The invention does not require the users to be human users. Figs. 3a to 3c illustrate the exchange of certain messages between the terminal device of a human user and a server, which in this example is an e-mail server. Step 301 represents generally the exchange of e-mail messages between these two devices. On the basis of the previously exchanged messages the terminal and the server both compose their own dictionaries at steps 302 and 303 respectively. In this example we denote the dictionary composed by the terminal as D and the dictionary composed by the server as D(U) to emphasize the fact that this dictionary is only one of those possibly composed by the server, and specifically relevant to user U. The terminal and the server both also calculate certificates (or "hashes") from their own dictionaries at steps 304 and 305 respectively. A certificate is a kind of fingerprint of a certain composition of digital data. The algorithm that is used for calculating the certificate is always the same, so the certificate assumes a value that depends essentially unambiguously on the initial data. Many suitable algorithms for calculating certificates or hashes are known from the field of digital cryptography. It is essential that two different sets of initial data are most unlikely to produce the same certificate, so that if two certificates are the same, it is reasonable to assume that they were calculated from exactly the same initial data.

At step 306 the terminal receives from its user a request for obtaining certain information from the server. As an example we may assume that the user wants to retrieve the headers of the e-mail messages that are currently in his "incoming" folder at the e-mail server. Typically e-mail transmission protocols are very well opti- mized for composing very tightly compressed standard requests; for example protocols are known where the request "give me the headers of messages in the incoming folder" can be expressed with a single letter "m". Therefore we may assume that no additional compressing in the sense meant by the present invention is necessary for transmitting the appropriate request to the server. It is also self-evident that the re- quest must contain some identification of the user the mails of which are requested. The part of the request message transmitted at step 307 that has the most to do with the invention is the certificate c(D). The terminal transmits this certificate to the server so that the latter can then check that the dictionaries are equal at both ends.
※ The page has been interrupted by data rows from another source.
(* $$\int_1^{+\infty}\frac{\{x\}^2}{x^2}\,\mathrm{d}x=\sum_{n=0}^{+\infty}\ell_n^2=\log(2\pi)-\gamma_0-1 .$$
   Context: $\{x\}=x-\lfloor x\rfloor$; $\gamma_0$ is the Euler–Mascheroni constant. With Stieltjes constants $\gamma_n=\lim_{N\to\infty}\left(\sum_{k=1}^N\frac{\log^n k}{k}-\frac{\log^{n+1}N}{n+1}\right)$, $\ell_0=\gamma_0-1$ and $\ell_n=\sum_{k=1}^n\binom{n-1}{k-1}\frac{(-1)^{n-k}}{k!}\gamma_k$ for $n\ge1$. *)

theory Defs
  imports "HOL-Analysis.Analysis"
begin

definition stieltjes :: "nat \<Rightarrow> real" where
  "stieltjes n = lim (\<lambda>N::nat. (\<Sum>k=1..N. ln (real k) ^ n / real k)
                                  - ln (real N) ^ (Suc n) / real (Suc n))"

definition ell :: "nat \<Rightarrow> real" where
  "ell n = (if n = 0 then euler_mascheroni - 1
            else (\<Sum>k=1..n. real ((n - 1) choose (k - 1)) * (-1) ^ (n - k) / fact k * stieltjes k))"

end

theory Submission
  imports Defs "HOL-Real_Asymp.Real_Asymp"
begin

text \<open>
  The substitution \<open>x = e\<^sup>t\<close> identifies \<open>L\<^sup>2([1,\<infinity>), dx)\<close> with \<open>L\<^sup>2([0,\<infinity>), e\<^sup>-\<^sup>t dt)\<close>,
  so the functions \<open>\<psi>\<^sub>n(x) = L\<^sub>n(ln x)/x\<close>, with \<open>L\<^sub>n\<close> the Laguerre polynomials, are orthonormal
  on \<open>[1,\<infinity>)\<close>. For the functions \<open>p(1/x)/x\<close>, \<open>p\<close> a polynomial, Parseval's identity is checked
  by a direct computation, and \<open>{x}/x\<close> is an \<open>L\<^sup>2\<close>-limit of such functions (cut off \<open>{x}\<close>
  continuously near the integers and apply Weierstrass' theorem in the variable \<open>1/x\<close>). Hence
  \<open>\<integral>\<^sub>1\<^sup>\<infinity> {x}\<^sup>2/x\<^sup>2 dx\<close> is the sum of the squared coefficients of \<open>{x}/x\<close>. These are \<open>\<plusminus>\<ell>\<^sub>n\<close>:
  integrating over the intervals \<open>[N, N+1]\<close> expresses \<open>\<integral>\<^sub>1\<^sup>\<infinity> {x} ln\<^sup>k x / x\<^sup>2 dx\<close> through the
  Stieltjes constants. The same piecewise integration gives \<open>\<integral>\<^sub>1\<^sup>N {x}\<^sup>2/x\<^sup>2 dx\<close> in terms of
  \<open>ln N!\<close>, and its limit is then fixed by Stirling's constant \<open>ln (2\<pi>)/2\<close>, which follows from
  Wallis' product.
\<close>

fun log_moment_primitive :: "nat \<Rightarrow> nat \<Rightarrow> real \<Rightarrow> real" where
  "log_moment_primitive b 0 x = -1 / (real b * x ^ b)"
| "log_moment_primitive b (Suc j) x =
     - (ln x ^ Suc j) / (real b * x ^ b) + real (Suc j) / real b * log_moment_primitive b j x"

lemma log_moment_primitive_has_derivative:
  assumes "x > 0" "b > 0"
  shows "(log_moment_primitive b j has_real_derivative ln x ^ j / x ^ (b+1)) (at x)"
proof (induction j)
  case 0
  show ?case using assms
    by (auto intro!: derivative_eq_intros simp: field_simps power_add)
       (simp add: power_eq_if algebra_simps)
next
  case (Suc j)
  have "((\<lambda>x. - (ln x ^ Suc j) / (real b * x ^ b)) has_real_derivative
        (ln x ^ Suc j / x ^ (b+1) - real (Suc j) / real b * (ln x ^ j / x ^ (b+1)))) (at x)"
    using assms
    by (auto intro!: derivative_eq_intros simp: field_simps power_add)
       (simp add: power_eq_if algebra_simps)
  from DERIV_add[OF this DERIV_cmult[OF Suc.IH, of "real (Suc j) / real b"]]
  show ?case by (simp add: algebra_simps)
qed

lemma log_moment_primitive_tendsto_0: "b > 0 \<Longrightarrow> (log_moment_primitive b j \<longlongrightarrow> 0) at_top"
proof (induction j)
  case 0 then show ?case by simp real_asymp
next
  case (Suc j)
  have "((\<lambda>x. - (ln x ^ Suc j) / (real b * x ^ b)) \<longlongrightarrow> 0) at_top"
    using Suc.prems by real_asymp
  from tendsto_add[OF this tendsto_mult_right_zero[OF Suc.IH[OF Suc.prems], of "real (Suc j) / real b"]]
  show ?case unfolding log_moment_primitive.simps by simp
qed

lemma log_moment_primitive_at_1: "b > 0 \<Longrightarrow> log_moment_primitive b j 1 = - fact j / real b ^ (j+1)"
  by (induction j) (auto simp: field_simps)

lemma log_moment_has_integral:
  "((\<lambda>x::real. ln x ^ j / x ^ (b+2)) has_integral (fact j / real (b+1) ^ (j+1))) {1..}"
proof (rule has_integral_to_inf)
  let ?f = "\<lambda>x::real. ln x ^ j / x ^ (b+2)" and ?P = "log_moment_primitive (b+1) j"
  show "?f integrable_on {1..y}" for y
    by (rule integrable_continuous_interval, intro continuous_intros) auto
  have "(?f has_integral (?P y - ?P 1)) {1..y}" if "y \<ge> 1" for y
  proof (intro fundamental_theorem_of_calculus)
    show "1 \<le> y" by fact
    fix x assume "x \<in> {1..y}"
    then have "(?P has_real_derivative ?f x) (at x)"
      using log_moment_primitive_has_derivative[of x "b+1" j] by simp
    then show "(?P has_vector_derivative ?f x) (at x within {1..y})"
      by (simp add: has_real_derivative_iff_has_vector_derivative[symmetric] has_field_derivative_at_within)
  qed
  then have "\<forall>\<^sub>F y in at_top. integral {1..y} ?f = ?P y - ?P 1"
    by (meson eventually_at_top_linorderI integral_unique)
  moreover have "((\<lambda>y. ?P y - ?P 1) \<longlongrightarrow> 0 - ?P 1) at_top"
    by (intro tendsto_intros log_moment_primitive_tendsto_0) simp
  ultimately show "((\<lambda>y. integral {1..y} ?f) \<longlongrightarrow> fact j / real (b+1) ^ (j+1)) at_top"
    using log_moment_primitive_at_1[of "b+1" j] by (simp add: filterlim_cong)
qed auto

lemma log_moment_sq_has_integral: "((\<lambda>x::real. ln x ^ j / x ^ 2) has_integral fact j) {1..}"
  using log_moment_has_integral[of j 0] by (simp add: power2_eq_square)

lemma inverse_sq_has_integral: "((\<lambda>x::real. 1 / x ^ 2) has_integral 1) {1..}"
  using log_moment_sq_has_integral[of 0] by simp

section \<open>Laguerre functions\<close>

lemma sum_alternating_choose_mult_choose:
  "(\<Sum>j\<le>n. real (n choose j) * (-1)^j * real (j choose i)) = (if i = n then (-1)^n else 0)"
proof (cases "i \<le> n")
  case False
  then show ?thesis by (auto intro!: sum.neutral simp: binomial_eq_0)
next
  case True
  have "(\<Sum>j\<le>n. real (n choose j) * (-1)^j * real (j choose i)) =
        (\<Sum>j\<in>{i..n}. real (n choose j) * (-1)^j * real (j choose i))"
    by (rule sum.mono_neutral_right) (auto simp: binomial_eq_0)
  also have "\<dots> = (\<Sum>j\<in>{i..n}. real (n choose i) * ((-1)^j * real ((n - i) choose (j - i))))"
    by (rule sum.cong) (auto simp: choose_mult[symmetric] simp flip: of_nat_mult)
  also have "\<dots> = real (n choose i) * (\<Sum>l\<in>{0..n-i}. (-1)^(l+i) * real ((n - i) choose l))"
    unfolding sum_distrib_left[symmetric]
    using True by (subst sum.atLeastAtMost_shift_0[of i n]) (auto simp: add.commute)
  also have "\<dots> = real (n choose i) * (-1)^i * (\<Sum>l\<le>n-i. (-1)^l * real ((n - i) choose l))"
    by (simp add: power_add sum_distrib_left sum_distrib_right atLeast0AtMost mult_ac)
  also have "\<dots> = (if i = n then (-1)^n else 0)"
    using True choose_alternating_sum[of "n - i", where 'a=real] by auto
  finally show ?thesis .
qed

lemma choose_add_eq_sum_choose_mult_choose:
  assumes "j \<le> n"
  shows "(j + k) choose j = (\<Sum>i\<le>n. (j choose i) * (k choose i))"
proof -
  have "(j + k) choose j = (\<Sum>i\<le>j. (j choose i) * (k choose (j - i)))"
    by (simp add: vandermonde)
  also have "\<dots> = (\<Sum>i\<le>j. (j choose (j - i)) * (k choose (j - i)))"
    by (rule sum.cong) (auto simp: binomial_symmetric[symmetric])
  also have "\<dots> = (\<Sum>i\<le>j. (j choose i) * (k choose i))"
    by (rule sum.reindex_bij_witness[where i="\<lambda>i. j - i" and j="\<lambda>i. j - i"]) auto
  also have "\<dots> = (\<Sum>i\<le>n. (j choose i) * (k choose i))"
    using assms by (intro sum.mono_neutral_left) (auto simp: binomial_eq_0)
  finally show ?thesis .
qed

text \<open>\<open>L\<^sub>n(t) = \<Sum>\<^sub>k laguerre_coeff n k * t\<^sup>k\<close>; orthonormality of the \<open>L\<^sub>n\<close> for the weight \<open>e\<^sup>-\<^sup>t\<close>
  amounts to the following identity, because \<open>\<integral>\<^sub>0\<^sup>\<infinity> t\<^sup>j\<^sup>+\<^sup>k e\<^sup>-\<^sup>t dt = (j + k)!\<close>.\<close>

definition laguerre_coeff :: "nat \<Rightarrow> nat \<Rightarrow> real" where
  "laguerre_coeff n k = real (n choose k) * (-1)^k / fact k"

lemma laguerre_coeff_orthonormal:
  "(\<Sum>j\<le>n. \<Sum>k\<le>m. laguerre_coeff n j * laguerre_coeff m k * fact (j + k)) = (if n = m then 1 else 0)"
proof -
  let ?A = "\<lambda>j i. real (n choose j) * (-1)^j * real (j choose i)"
  let ?B = "\<lambda>k i. real (m choose k) * (-1)^k * real (k choose i)"
  have "(\<Sum>j\<le>n. \<Sum>k\<le>m. laguerre_coeff n j * laguerre_coeff m k * fact (j + k)) =
        (\<Sum>j\<le>n. \<Sum>k\<le>m. \<Sum>i\<le>n. ?A j i * ?B k i)"
  proof (intro sum.cong refl)
    fix j k assume "j \<in> {..n}" "k \<in> {..m}"
    then have "fact (j + k) = (fact j * fact k) * real ((j + k) choose j)"
      by (simp add: binomial_fact field_simps)
    also have "\<dots> = (fact j * fact k) * (\<Sum>i\<le>n. real (j choose i) * real (k choose i))"
      using \<open>j \<in> _\<close> by (simp add: choose_add_eq_sum_choose_mult_choose[of j n])
    finally show "laguerre_coeff n j * laguerre_coeff m k * fact (j + k) = (\<Sum>i\<le>n. ?A j i * ?B k i)"
      by (simp add: laguerre_coeff_def sum_distrib_left field_simps)
  qed
  also have "\<dots> = (\<Sum>i\<le>n. (\<Sum>j\<le>n. ?A j i) * (\<Sum>k\<le>m. ?B k i))"
  proof -
    have "(\<Sum>j\<le>n. \<Sum>k\<le>m. \<Sum>i\<le>n. ?A j i * ?B k i) = (\<Sum>i\<le>n. \<Sum>j\<le>n. \<Sum>k\<le>m. ?A j i * ?B k i)"
      by (subst sum.swap) (simp only: sum.swap[of _ "{..m}"])
    then show ?thesis by (simp only: sum_product)
  qed
  also have "\<dots> = (\<Sum>i\<le>n. (if i = n then (-1)^n else 0) * (if i = m then (-1)^m else 0))"
    by (simp add: sum_alternating_choose_mult_choose)
  also have "\<dots> = (\<Sum>i\<le>n. if i = n \<and> n = m then 1 else 0)"
    by (rule sum.cong) (auto simp flip: power_add)
  finally show ?thesis by simp
qed

definition laguerre_fun :: "nat \<Rightarrow> real \<Rightarrow> real" where
  "laguerre_fun n x = (\<Sum>k\<le>n. laguerre_coeff n k * ln x ^ k) / x"

lemma laguerre_fun_measurable: "laguerre_fun n \<in> borel_measurable (lebesgue_on {1..})"
  unfolding laguerre_fun_def
  by (intro continuous_imp_measurable_on_sets_lebesgue continuous_intros) auto

lemma laguerre_fun_orthonormal:
  "((\<lambda>x. laguerre_fun n x * laguerre_fun m x) has_integral (if n = m then 1 else 0)) {1..}"
proof -
  have eq: "laguerre_fun n x * laguerre_fun m x =
      (\<Sum>j\<le>n. \<Sum>k\<le>m. laguerre_coeff n j * laguerre_coeff m k * (ln x ^ (j+k) / x ^ 2))" for x
  proof -
    have "laguerre_fun n x * laguerre_fun m x =
        (\<Sum>j\<le>n. \<Sum>k\<le>m. laguerre_coeff n j * ln x ^ j * (laguerre_coeff m k * ln x ^ k)) / x^2"
      by (simp add: laguerre_fun_def power2_eq_square sum_product)
    then show ?thesis
      by (simp add: sum_divide_distrib power_add mult_ac)
  qed
  have "((\<lambda>x. \<Sum>j\<le>n. \<Sum>k\<le>m. laguerre_coeff n j * laguerre_coeff m k * (ln x ^ (j+k) / x ^ 2))
          has_integral (\<Sum>j\<le>n. \<Sum>k\<le>m. laguerre_coeff n j * laguerre_coeff m k * fact (j+k))) {1..}"
    by (intro has_integral_sum has_integral_mult_right log_moment_sq_has_integral) auto
  then show ?thesis
    unfolding eq laguerre_coeff_orthonormal .
qed

lemma laguerre_fun_div_dominated:
  obtains h where "h integrable_on {1..}" "\<And>x. x \<ge> 1 \<Longrightarrow> \<bar>laguerre_fun n x\<bar> / x \<le> h x"
proof
  show "(\<lambda>x. \<Sum>k\<le>n. \<bar>laguerre_coeff n k\<bar> * (ln x ^ k / x ^ 2)) integrable_on {1..}"
    by (intro integrable_sum integrable_on_mult_right has_integral_integrable[OF log_moment_sq_has_integral]) auto
  fix x :: real assume x: "x \<ge> 1"
  have "\<bar>laguerre_fun n x\<bar> / x = \<bar>\<Sum>k\<le>n. laguerre_coeff n k * ln x ^ k\<bar> / x^2"
    using x by (simp add: laguerre_fun_def power2_eq_square abs_divide)
  also have "\<dots> \<le> (\<Sum>k\<le>n. \<bar>laguerre_coeff n k * ln x ^ k\<bar>) / x^2"
    by (intro divide_right_mono sum_abs) auto
  also have "\<dots> = (\<Sum>k\<le>n. \<bar>laguerre_coeff n k\<bar> * (ln x ^ k / x ^ 2))"
    using x by (simp add: sum_divide_distrib abs_mult)
  finally show "\<bar>laguerre_fun n x\<bar> / x \<le> (\<Sum>k\<le>n. \<bar>laguerre_coeff n k\<bar> * (ln x ^ k / x ^ 2))" .
qed

section \<open>Bessel's inequality and Parseval's identity for functions of order \<open>1/x\<close>\<close>

definition inv_bounded :: "(real \<Rightarrow> real) \<Rightarrow> bool" where
  "inv_bounded g \<longleftrightarrow> g \<in> borel_measurable (lebesgue_on {1..}) \<and> (\<exists>C. \<forall>x\<ge>1. \<bar>g x\<bar> \<le> C / x)"

lemma inv_boundedE:
  assumes "inv_bounded g"
  obtains C where "g \<in> borel_measurable (lebesgue_on {1..})" "\<And>x. x \<ge> 1 \<Longrightarrow> \<bar>g x\<bar> \<le> \<bar>C\<bar> / x"
proof -
  from assms obtain C where "g \<in> borel_measurable (lebesgue_on {1..})" "\<forall>x\<ge>1. \<bar>g x\<bar> \<le> C / x"
    by (auto simp: inv_bounded_def)
  moreover have "C / x \<le> \<bar>C\<bar> / x" if "x \<ge> 1" for x
    using that by (intro divide_right_mono) auto
  ultimately show ?thesis using that by (meson order_trans)
qed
At step 308 the server receives the request and finds the appropriate answer. At step 309 the server compares the certificate c(D) that it received from the terminal with the certificate c(D(U)) that it has previously calculated from its own dictionary. From this step onwards the action follows either the steps shown in fig. 3b or those shown in 3c depending on whether the server found the certificates to be equal or not at step 309.

Let us first assume that the certificates were the same, indicating that the teπr-inal's current dictionary D is the same as the server's corresponding current dictionary D(U). This means that after step 309 the steps illustrated in fig. 3b take place. At step 311 the server compresses the answer it found at step 308, using the dictionary D(U) for compressing. At step 312 the server transmits the compressed answer to the terminal, which receives it and decompresses it with the help of the dictionary D at step 313.

The steps 311, 312 and 313 represent the transmission of a newly composed message from the server to the terminal, which means that fresh input is now available to the dictionaries at both ends. Therefore both the terminal and the server augment the previous composition of their respective dictionaries at steps 314 and 315 re- spectively by adding the information that was contained in the server's response. If augmenting the dictionary involves other actions, like recalculating codes, these are also performed at steps 314 and 315. Now the contents of the dictionaries have changed and the previous certificates are not valid any more, which means that new certificates must be calculated at both ends as is illustrated by steps 316 and 317. At step 318 the terminal displays the information content of the requested answer to the user. The location in time of step 318 as regards steps 314 and 316 is not important to the invention. In many cases it is even better to display the requested information to the user as soon as it is available in plaintext form at the terminal, in order to minimize the delays that the user experiences.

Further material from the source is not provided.